2007-03-14, 17:15 | #91 |
Wtajemniczenie
Zarejestrowany: 2006-08
Lokalizacja: Gliwice
Wiadomości: 2 727
|
Dot.: wpadki podczas chodzenia na szpilkach!!!
Byłam na ślubie wychowawczyni.
Para młoda wychodzi z kościoła, wszystko ślicznie,pięknie, ludzie sypią grosikami. Oni tę kasę zbierają, a ja stoję z przyjaciółką obok pana kamerzysty, na takiej kratce, wychowawczyni nas woła żebyś my pomogły zbierać iiiii obcas utkwił w kratce ... nie muszę dodawać kto był w tym momencie filmowany? Walczyłam z butem 5 minut.. w końcu uległ.. Ale przynajmniej nauczycielka będzie mnie pamiętać do końca życia Już zawsze będę na jej płytce ślubnej. Ja i mój but.
__________________
"W trudnej sytuacji życiowej nie masz lepszego sposobu na znalezienie ratunku, niż zwrócić się do Prawdziwego Mężczyzny w tonacji Zbolałego Kurczątka. " |
2007-03-14, 20:26 | #92 |
Zadomowienie
Zarejestrowany: 2006-07
Lokalizacja: mazowieckie
Wiadomości: 1 244
|
Dot.: wpadki podczas chodzenia na szpilkach!!!

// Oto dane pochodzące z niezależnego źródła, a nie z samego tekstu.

(* Let $r \ge s \ge 2$ be integers. Then $$\mathrm{gp_e}(P_r \,\square\, P_s) = \begin{cases} r+2, & s = 2,\\ 2r, & s = 3,\\ 2r+2s-8, & s \ge 4.\end{cases}$$
   Context: $P_n$ denotes the path on $n$ vertices. The Cartesian product $G \,\square\, H$ has vertex set $V(G)\times V(H)$, with $(g,h)$ adjacent to $(g',h')$ iff either $gg' \in E(G)$ and $h = h'$, or $g = g'$ and $hh' \in E(H)$. A set $S$ of edges of a graph $G$ is an edge general position set if no geodesic (shortest path) of $G$ contains three edges of $S$; $\mathrm{gp_e}(G)$ is the maximum cardinality of an edge general position set of $G$. *)

theory Defs
  imports Main
begin

definition walk :: "'a set \<Rightarrow> ('a \<Rightarrow> 'a \<Rightarrow> bool) \<Rightarrow> 'a list \<Rightarrow> bool" where
  "walk V adj xs \<longleftrightarrow> xs \<noteq> [] \<and> set xs \<subseteq> V \<and>
     (\<forall>i. i + 1 < length xs \<longrightarrow> adj (xs ! i) (xs ! (i + 1)))"

definition geodesic :: "'a set \<Rightarrow> ('a \<Rightarrow> 'a \<Rightarrow> bool) \<Rightarrow> 'a list \<Rightarrow> bool" where
  "geodesic V adj xs \<longleftrightarrow> walk V adj xs \<and>
     (\<forall>ys. walk V adj ys \<and> hd ys = hd xs \<and> last ys = last xs \<longrightarrow> length xs \<le> length ys)"

definition walk_edges :: "'a list \<Rightarrow> 'a set set" where
  "walk_edges xs = {{xs ! i, xs ! (i + 1)} | i. i + 1 < length xs}"
(* Let $n>24$, $0<\epsilon<\frac13$, $\delta>0$, $s>0$, and let $m=\epsilon^{-2}n^{1+\delta}$ (assumed to be an integer). Then $$\mathsf P\left\{ x\in U^m:\ \left|\sum_{i=1}^n \frac{k_i(x)(k_i(x)-1)}{m(m-1)}\cdot\frac{1}{\|p\|^2}-1\right|\le \epsilon\left(3+\frac{6s}{n^{\delta/2}}+\frac{5s^2\epsilon}{n^{\delta}}\right)\right\}\ \ge\ 1-\frac{10}{9}e^{-s^2/4}.$$
   Context: Standing setup: $U$ is a finite set (the key space) with a probability measure $q$; $T=\{1,\dots,n\}$; $h:U\to T$ is an arbitrary function. $p_i=\sum_{u\in h^{-1}(i)}q(u)$ and $\|p\|^2=\sum_{i=1}^n p_i^2$. $U^m$ carries the product measure $q^m$ (keys chosen independently), and $\mathsf P$ denotes probability under $q^m$. For $x=(x_1,\dots,x_m)\in U^m$, $k_i(x)=|\{j: h(x_j)=i\}|$ (number of keys of $x$ hashed to slot $i$, with multiplicity). *)

theory Defs
  imports Complex_Main "HOL-Library.FuncSet"
begin

definition slot_prob :: "'a set \<Rightarrow> ('a \<Rightarrow> real) \<Rightarrow> ('a \<Rightarrow> nat) \<Rightarrow> nat \<Rightarrow> real" where
  "slot_prob U q h i = (\<Sum>u\<in>{u\<in>U. h u = i}. q u)"

definition norm_p_sq :: "'a set \<Rightarrow> ('a \<Rightarrow> real) \<Rightarrow> ('a \<Rightarrow> nat) \<Rightarrow> nat \<Rightarrow> real" where
  "norm_p_sq U q h n = (\<Sum>i=1..n. (slot_prob U q h i)^2)"

definition kcount :: "('a \<Rightarrow> nat) \<Rightarrow> nat \<Rightarrow> (nat \<Rightarrow> 'a) \<Rightarrow> nat \<Rightarrow> nat" where
  "kcount h m x i = card {j\<in>{..<m}. h (x j) = i}"

definition prob_prod :: "'a set \<Rightarrow> ('a \<Rightarrow> real) \<Rightarrow> nat \<Rightarrow> ((nat \<Rightarrow> 'a) \<Rightarrow> bool) \<Rightarrow> real" where
  "prob_prod U q m P = (\<Sum>x\<in>{x \<in> Pi\<^sub>E {..<m} (\<lambda>_. U). P x}. \<Prod>j<m. q (x j))"

end

theory Submission
  imports Defs "HOL-Analysis.Convex" "HOL-Number_Theory.Cong"
begin

(* Half of \<Sum>i k_i (k_i - 1) counts the colliding pairs a < b of positions.  These pairs split
   into the m classes {a + b = d (mod m)}; each class is a matching of at least (m - 2)/2 pairs,
   so inside one class the collision indicators are independent Bernoulli(\<parallel>p\<parallel>^2) variables
   and their exponential moment is an explicit power.  Jensen's inequality for exp over the
   classes gives E exp(l X) \<le> exp(l + l^2/K) for the normalised estimator X and all
   l \<le> K = (m - 2) \<parallel>p\<parallel>^2 / 2, and a two-sided Chernoff bound follows.  Since \<parallel>p\<parallel>^2 \<ge> 1/n,
   the stated m makes K large enough. *)

lemma sum_PiE_insert:
  assumes "a \<notin> I"
  shows "(\<Sum>x\<in>Pi\<^sub>E (insert a I) (\<lambda>_. U). f x) = (\<Sum>u\<in>U. \<Sum>y\<in>Pi\<^sub>E I (\<lambda>_. U). f (y(a:=u)))"
proof -
  have "(\<Sum>x\<in>Pi\<^sub>E (insert a I) (\<lambda>_. U). f x)
      = (\<Sum>p\<in>U \<times> Pi\<^sub>E I (\<lambda>_. U). f ((\<lambda>(y,g). g(a:=y)) p))"
    unfolding PiE_insert_eq using inj_combinator[OF assms, of "\<lambda>_. U"]
    by (subst sum.reindex) auto
  also have "\<dots> = (\<Sum>u\<in>U. \<Sum>y\<in>Pi\<^sub>E I (\<lambda>_. U). f (y(a:=u)))"
    by (simp add: sum.cartesian_product split_def)
  finally show ?thesis .
qed

lemma sum_PiE_prod_eq_1:
  fixes q :: "'a \<Rightarrow> 'b::comm_semiring_1"
  assumes "finite I" "finite U" "(\<Sum>u\<in>U. q u) = 1"
  shows "(\<Sum>x\<in>Pi\<^sub>E I (\<lambda>_. U). \<Prod>j\<in>I. q (x j)) = 1"
  using prod_sum_PiE[of I "\<lambda>_. U" "\<lambda>_ u. q u"] assms by simp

Mnie równiez przydarzyla se historia z obcasem, który uktwil w kratce Dobrze, ze byla ze mna mama, bo sama nie wyciagnelabym tego obcasa. Najgorsze ze wszystkiego bylo to, ze zatarasowalam wejscie, bo drzwi byly bardzo waskie. Od tamtego czasu uwazam na kazda kratke , ale w szpilkach chodze dalej.
__________________
"Najlepsze są prezenty pożyteczne. Na przykład: ja jemu chusteczki do nosa, on mi futro" B. Bardot
|
2007-03-14, 20:30 | #93 |
Raczkowanie
|
Dot.: wpadki podczas chodzenia na szpilkach!!!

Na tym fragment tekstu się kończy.